Side B begins with ‘Stratus’, perhaps Cobham’s most famous work (due to it being sampled by Massive Attack). Rather than jumping into the drums, weird and wonderful synths lightly flicker in the distance, signalling something that is to come. Then, the drums lightly kick in, as the synths gain some traction, with a real sped up key line remaining as Cobham kicks into gear. It is an intro to remember, the drumming going on and on, save for one small pause, it builds and builds and builds and builds. Something very special has to be coming at the end of all of this. Everything fades, and then that beat and bass line kick in. Deep, brooding, funk as shit, it has it all. For the rest of the album, this mellow intro is something to savour, with deep guitar lines playing alongside grooving Moog lines. A musical masterclass, expertly led in by Mr Cobham, a marvel.
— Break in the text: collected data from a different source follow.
lemma complete_dominance_graph_imp_ranking:
  assumes "complete_dominance_graph n w"
  obtains g where "ranking n w g"
proof -
  let ?E = "edges n w"
  have tour: "tournament n w" and acyc: "acyclic ?E" and one: "\<And>a b. (a, b) \<in> ?E \<Longrightarrow> w a b = 1"
    using assms unfolding complete_dominance_graph_def by auto
  have E_n: "?E \<subseteq> {..<n} \<times> {..<n}" and irrefl: "(a, a) \<notin> ?E" for a
    using acyc by (auto simp: edges_def acyclic_irrefl irrefl_def)
  define g where "g a = card {c. (c, a) \<in> ?E}" for a
  have less: "g a < g b" if "(a, b) \<in> ?E" for a b
    unfolding g_def using tournament_acyclic_imp_trans[OF tour acyc] irrefl that
    by (intro card_predecessors_less) (auto intro: finite_subset[of _ "{..<n}"] dest: subsetD[OF E_n])
  have "g a < n" if "a < n" for a
  proof -
    have "g a \<le> card ({..<n} - {a})"
      unfolding g_def using E_n irrefl by (intro card_mono) auto
    then show ?thesis using that by simp
  qed
  moreover have "inj_on g {..<n}"
    using less tour unfolding tournament_def by (fastforce intro: inj_onI)
  ultimately have "bij_betw g {..<n} {..<n}"
    unfolding bij_betw_def using endo_inj_surj[OF finite_lessThan] by blast
  moreover have "w a b = (if g a < g b then 1 else 0)" if "a < n" "b < n" for a b
  proof (cases "(a, b) \<in> ?E")
    case True
    then show ?thesis using one less by auto
  next
    case False
    then have "w a b = 0"
      using that by (simp add: edges_def)
    moreover have "\<not> g a < g b"
    proof (cases "a = b")
      case False
      then have "(b, a) \<in> ?E"
        using tour that \<open>(a, b) \<notin> ?E\<close> unfolding tournament_def by blast
      then show ?thesis using less[of b a] by simp
    qed simp
    ultimately show ?thesis by simp
  qed
  ultimately show thesis
    using that by (auto simp: ranking_def)
qed

theorem theorem3p2:
  fixes n :: nat and w :: "nat \<Rightarrow> nat \<Rightarrow> real"
  assumes weights: "\<And>i j. i < n \<Longrightarrow> j < n \<Longrightarrow> 0 \<le> w i j \<and> w i j \<le> 1"
    and no_loops: "\<And>i. i < n \<Longrightarrow> w i i = 0"
  shows "complete_dominance_graph n w \<longleftrightarrow>
    (\<exists>P. permutation_mat n P \<and>
       (\<forall>i\<in>{1..n}. eigenvector (laplacian n w) (P *\<^sub>v ones_prefix n i) (real n - real i)))"
proof
  assume "complete_dominance_graph n w"
  then obtain g where ranking: "ranking n w g"
    by (rule complete_dominance_graph_imp_ranking)
  then have g: "bij_betw g {..<n} {..<n}"
    by (simp add: ranking_def)
  show "\<exists>P. permutation_mat n P \<and>
      (\<forall>i\<in>{1..n}. eigenvector (laplacian n w) (P *\<^sub>v ones_prefix n i) (real n - real i))"
    using permutation_mat_perm_mat_of[OF g] ranking
      ranking_iff_perm_mat_eigenvectors[of n w g, OF weights no_loops g] by blast
next
  assume "\<exists>P. permutation_mat n P \<and>
      (\<forall>i\<in>{1..n}. eigenvector (laplacian n w) (P *\<^sub>v ones_prefix n i) (real n - real i))"
  then obtain P where P: "permutation_mat n P"
    and eigen: "\<forall>i\<in>{1..n}. eigenvector (laplacian n w) (P *\<^sub>v ones_prefix n i) (real n - real i)"
    by blast
  obtain g where g: "bij_betw g {..<n} {..<n}" and "P = perm_mat_of n g"
    using P by (rule permutation_matE)
  then have "ranking n w g"
    using ranking_iff_perm_mat_eigenvectors[of n w g, OF weights no_loops g] eigen by simp
  then show "complete_dominance_graph n w"
    by (rule ranking_imp_complete_dominance_graph)
qed

end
The groove here is off the chain, cloud 9, a real head bobber. The more spaced out feel here, with less emphasis on the density of instrumentation, means the listener can truly appreciate this work of art for what it is; pure jazz fusion, pure jazz rock, pure jazz funk. The incessant bass line keeps everything together, as the song moves into a more dense tone, with the guitar solo taking centre stage. Up next comes another medley, in the form of ‘To be the Woman in my life’ and ‘Le Lis’. A delicate piano leads this one, a really beautiful excursion into the beatless world of Cobham and his band. Then comes a real downtempo jazz worldie. Delicate in every sense of the word, a continuation of the keys from earlier, with delightful Moog lines and deep pads alongside some gorgeous horns and brass. The tune switches up, but much more delicately, this time its for the keys to shine. Cobham does an excellent job on this record of mediating between the various elements; he lets the guitars shine for one, then horns the other, then keys the other. All the while he is just leading the line, allowing the musicians to bounce off his impeccable grooves.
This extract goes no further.